Implementing the formula as a Python function yields this (full code with the conditional_entropy function can be found on my Github page — link at the top of the post):

In [11]:
def theils_u(x, y):
    s_xy = conditional_entropy(x,y)
    x_counter = Counter(x)
    total_occurrences = sum(x_counter.values())
    p_x = list(map(lambda n: n/total_occurrences, x_counter.values()))
    s_x = ss.entropy(p_x)
    if s_x == 0:
        return 1
    else:
        return (s_x - s_xy) / s_x

# Correlation Ratio (numeric vs categorical)

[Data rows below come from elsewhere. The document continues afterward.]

lemma btpow_projector:
  fixes Q :: "('a, 'b) bop" and A :: "'a set" and B :: "'b set" and m :: nat
  defines "W \<equiv> words m A \<times> words m B"
  assumes proj: "\<And>z z'. z \<in> A \<times> B \<Longrightarrow> z' \<in> A \<times> B \<Longrightarrow> (\<Sum>k\<in>A \<times> B. Q z k * cnj (Q z' k)) = Q z z'"
    and "X \<in> W" "Y \<in> W"
  shows "(\<Sum>\<kappa>\<in>W. btpow m Q X \<kappa> * cnj (btpow m Q Y \<kappa>)) = btpow m Q X Y"
proof -
  have "(\<Sum>\<kappa>\<in>W. btpow m Q X \<kappa> * cnj (btpow m Q Y \<kappa>))
      = (\<Sum>\<kappa>\<in>W. btpow m Q X \<kappa> * (\<Prod>t<m. cnj (Q (slot Y t) (slot \<kappa> t))))"
    by (simp add: btpow_eq_prod_slot[of m Q Y])
  also have "\<dots> = (\<Prod>t<m. \<Sum>k\<in>A \<times> B. Q (slot X t) k * cnj (Q (slot Y t) k))"
    unfolding W_def by (rule btpow_apply_slotwise)
  also have "\<dots> = btpow m Q X Y"
    unfolding btpow_eq_prod_slot using assms by (intro prod.cong refl) (simp add: proj slot_mem)
  finally show ?thesis .
qed

lemma trace_projector_eq_0_imp_in_kernel:
  assumes fin: "finite I" and psd: "psd_on I M"
    and proj: "\<And>x y. x \<in> I \<Longrightarrow> y \<in> I \<Longrightarrow> (\<Sum>\<kappa>\<in>I. G x \<kappa> * cnj (G y \<kappa>)) = G x y"
    and tr: "tr_prod I M G = 0"
    and v: "\<And>x. x \<in> I \<Longrightarrow> (\<Sum>\<kappa>\<in>I. G x \<kappa> * v \<kappa>) = v x"
  shows "in_kernel I M v"
proof -
  have "tr_prod I M G = (\<Sum>x\<in>I. \<Sum>y\<in>I. \<Sum>\<kappa>\<in>I. cnj (G x \<kappa>) * M x y * G y \<kappa>)"
    unfolding tr_prod_def
  proof (intro sum.cong refl)
    fix x y assume "x \<in> I" "y \<in> I"
    show "M x y * G y x = (\<Sum>\<kappa>\<in>I. cnj (G x \<kappa>) * M x y * G y \<kappa>)"
      unfolding proj[OF \<open>y \<in> I\<close> \<open>x \<in> I\<close>, symmetric] by (simp add: sum_distrib_left algebra_simps)
  qed
  also have "\<dots> = (\<Sum>\<kappa>\<in>I. qform I M (\<lambda>y. G y \<kappa>))"
    unfolding qform_def by (subst sum.swap, rule sum.cong[OF refl], rule sum.swap)
  finally have "\<forall>\<kappa>\<in>I. qform I M (\<lambda>y. G y \<kappa>) = 0"
    using tr by (simp add: sum_nonneg_eq_0_iff[OF fin] psd_on_qform_nonneg[OF psd])
  then have col: "(\<Sum>y\<in>I. M x y * G y \<kappa>) = 0" if "x \<in> I" "\<kappa> \<in> I" for x \<kappa>
    using psd_on_qform_eq_0_imp_in_kernel[OF fin psd] that unfolding in_kernel_def by blast
  show ?thesis
    unfolding in_kernel_def
  proof
    fix x assume "x \<in> I"
    have "(\<Sum>y\<in>I. M x y * v y) = (\<Sum>y\<in>I. M x y * (\<Sum>\<kappa>\<in>I. G y \<kappa> * v \<kappa>))"
      using v by simp
    also have "\<dots> = (\<Sum>\<kappa>\<in>I. v \<kappa> * (\<Sum>y\<in>I. M x y * G y \<kappa>))"
      by (simp add: sum_distrib_left algebra_simps) (rule sum.swap)
    also have "\<dots> = 0" using col[OF \<open>x \<in> I\<close>] by simp
    finally show "(\<Sum>y\<in>I. M x y * v y) = 0" .
  qed
qed

lemma bid_eq_basis_vec: "bid z = basis_vec z"
  by (auto simp: bid_def basis_vec_def)

lemma complement_outer_projector:
  assumes fin: "finite I" and unit: "(\<Sum>k\<in>I. (cmod (\<phi> k))\<^sup>2) = 1" and z: "z \<in> I" "z' \<in> I"
  shows "(\<Sum>k\<in>I. (bid z k - outer \<phi> z k) * cnj (bid z' k - outer \<phi> z' k)) = bid z z' - outer \<phi> z z'"
proof -
  have norm: "(\<Sum>k\<in>I. cnj (\<phi> k) * \<phi> k) = 1"
    using unit unfolding cnj_mult_self of_real_sum[symmetric] by simp
  have "(\<Sum>k\<in>I. (bid z k - outer \<phi> z k) * cnj (bid z' k - outer \<phi> z' k))
      = (\<Sum>k\<in>I. basis_vec z k * basis_vec z' k) - (\<Sum>k\<in>I. basis_vec z k * \<phi> k) * cnj (\<phi> z')
        - \<phi> z * (\<Sum>k\<in>I. cnj (\<phi> k) * basis_vec z' k) + \<phi> z * (\<Sum>k\<in>I. cnj (\<phi> k) * \<phi> k) * cnj (\<phi> z')"
    unfolding bid_eq_basis_vec outer_def
    by (simp add: algebra_simps sum.distrib sum_subtractf sum_distrib_left sum_distrib_right)
  also have "\<dots> = bid z z' - outer \<phi> z z'"
    unfolding norm sum_basis_vec_mult[OF fin z(1)] sum_mult_basis_vec[OF fin z(2)] bid_eq_basis_vec outer_def
    by (simp add: basis_vec_def)
  finally show ?thesis .
qed

lemma complement_outer_fixes_orthogonal:
  assumes fin: "finite I" and z: "z \<in> I" and orth: "(\<Sum>k\<in>I. cnj (\<phi> k) * v k) = 0"
  shows "(\<Sum>k\<in>I. (bid z k - outer \<phi> z k) * v k) = v z"
proof -
  have "(\<Sum>k\<in>I. (bid z k - outer \<phi> z k) * v k) = (\<Sum>k\<in>I. basis_vec z k * v k) - \<phi> z * (\<Sum>k\<in>I. cnj (\<phi> k) * v k)"
    unfolding bid_eq_basis_vec outer_def by (simp add: algebra_simps sum_subtractf sum_distrib_left)
  then show ?thesis unfolding orth sum_basis_vec_mult[OF fin z] by simp
qed

lemma trace_complement_power_eq_0_imp_in_kernel:
  assumes fin: "finite A" "finite B" and unit: "(\<Sum>z\<in>A \<times> B. (cmod (\<phi> z))\<^sup>2) = 1"
    and psd: "psd_on (words m A \<times> words m B) M"
    and tr: "tr_prod (words m A \<times> words m B) M (btpow m (\<lambda>z z'. bid z z' - outer \<phi> z z')) = 0"
    and orth: "\<And>t. t < m \<Longrightarrow> bilin A B (\<lambda>z. cnj (\<phi> z)) (f t) (g t) = 0"
  shows "in_kernel (words m A \<times> words m B) M (prod_vec (word_vec m f) (word_vec m g))"
proof (rule trace_projector_eq_0_imp_in_kernel[OF _ psd _ tr])
  show "finite (words m A \<times> words m B)" using fin by (simp add: finite_words)
next
  fix X Y assume "X \<in> words m A \<times> words m B" "Y \<in> words m A \<times> words m B"
  with fin unit show "(\<Sum>\<kappa>\<in>words m A \<times> words m B.
      btpow m (\<lambda>z z'. bid z z' - outer \<phi> z z') X \<kappa> * cnj (btpow m (\<lambda>z z'. bid z z' - outer \<phi> z z') Y \<kappa>))
    = btpow m (\<lambda>z z'. bid z z' - outer \<phi> z z') X Y"
    by (intro btpow_projector complement_outer_projector) auto
next
  fix X assume X: "X \<in> words m A \<times> words m B"
  have "(\<Sum>z\<in>A \<times> B. (bid (slot X t) z - outer \<phi> (slot X t) z) * prod_vec (f t) (g t) z)
      = prod_vec (f t) (g t) (slot X t)" if "t < m" for t
    using complement_outer_fixes_orthogonal[OF _ slot_mem[OF X that]] fin orth[OF that]
    unfolding bilin_eq_sum_prod_vec by simp
  then show "(\<Sum>\<kappa>\<in>words m A \<times> words m B. btpow m (\<lambda>z z'. bid z z' - outer \<phi> z z') X \<kappa>
      * prod_vec (word_vec m f) (word_vec m g) \<kappa>) = prod_vec (word_vec m f) (word_vec m g) X"
    unfolding prod_vec_word_vec btpow_apply_slotwise[where v = "\<lambda>t. prod_vec (f t) (g t)"] by simp
qed

text \<open>\<open>slot_embed m t f i\<close> is the word vector \<open>f 0 \<otimes> \<dots> \<otimes> e\<^sub>i \<otimes> \<dots> \<otimes> f (m - 1)\<close>,
  with the basis vector \<open>e\<^sub>i\<close> in slot \<open>t\<close>.\<close>
definition slot_embed :: "nat \<Rightarrow> nat \<Rightarrow> (nat \<Rightarrow> 'a \<Rightarrow> complex) \<Rightarrow> 'a \<Rightarrow> 'a list \<Rightarrow> complex" where
  "slot_embed m t f i a = (if a ! t = i then \<Prod>u\<in>{..<m} - {t}. f u (a ! u) else 0)"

So now we have a way to measure the correlation between two continuous features, and two ways of measuring association between two categorical features. But what about a pair of a continuous feature and a categorical feature? For this, we can use the [Correlation Ratio](https://en.wikipedia.org/wiki/Correlation_ratio) (often marked using the greek letter eta). Mathematically, it is defined as the weighted variance of the mean of each category divided by the variance of all samples; in human language, the Correlation Ratio answers the following question: Given a continuous number, how well can you know to which category it belongs to? Just like the two coefficients we’ve seen before, here too the output is on the range of [0,1].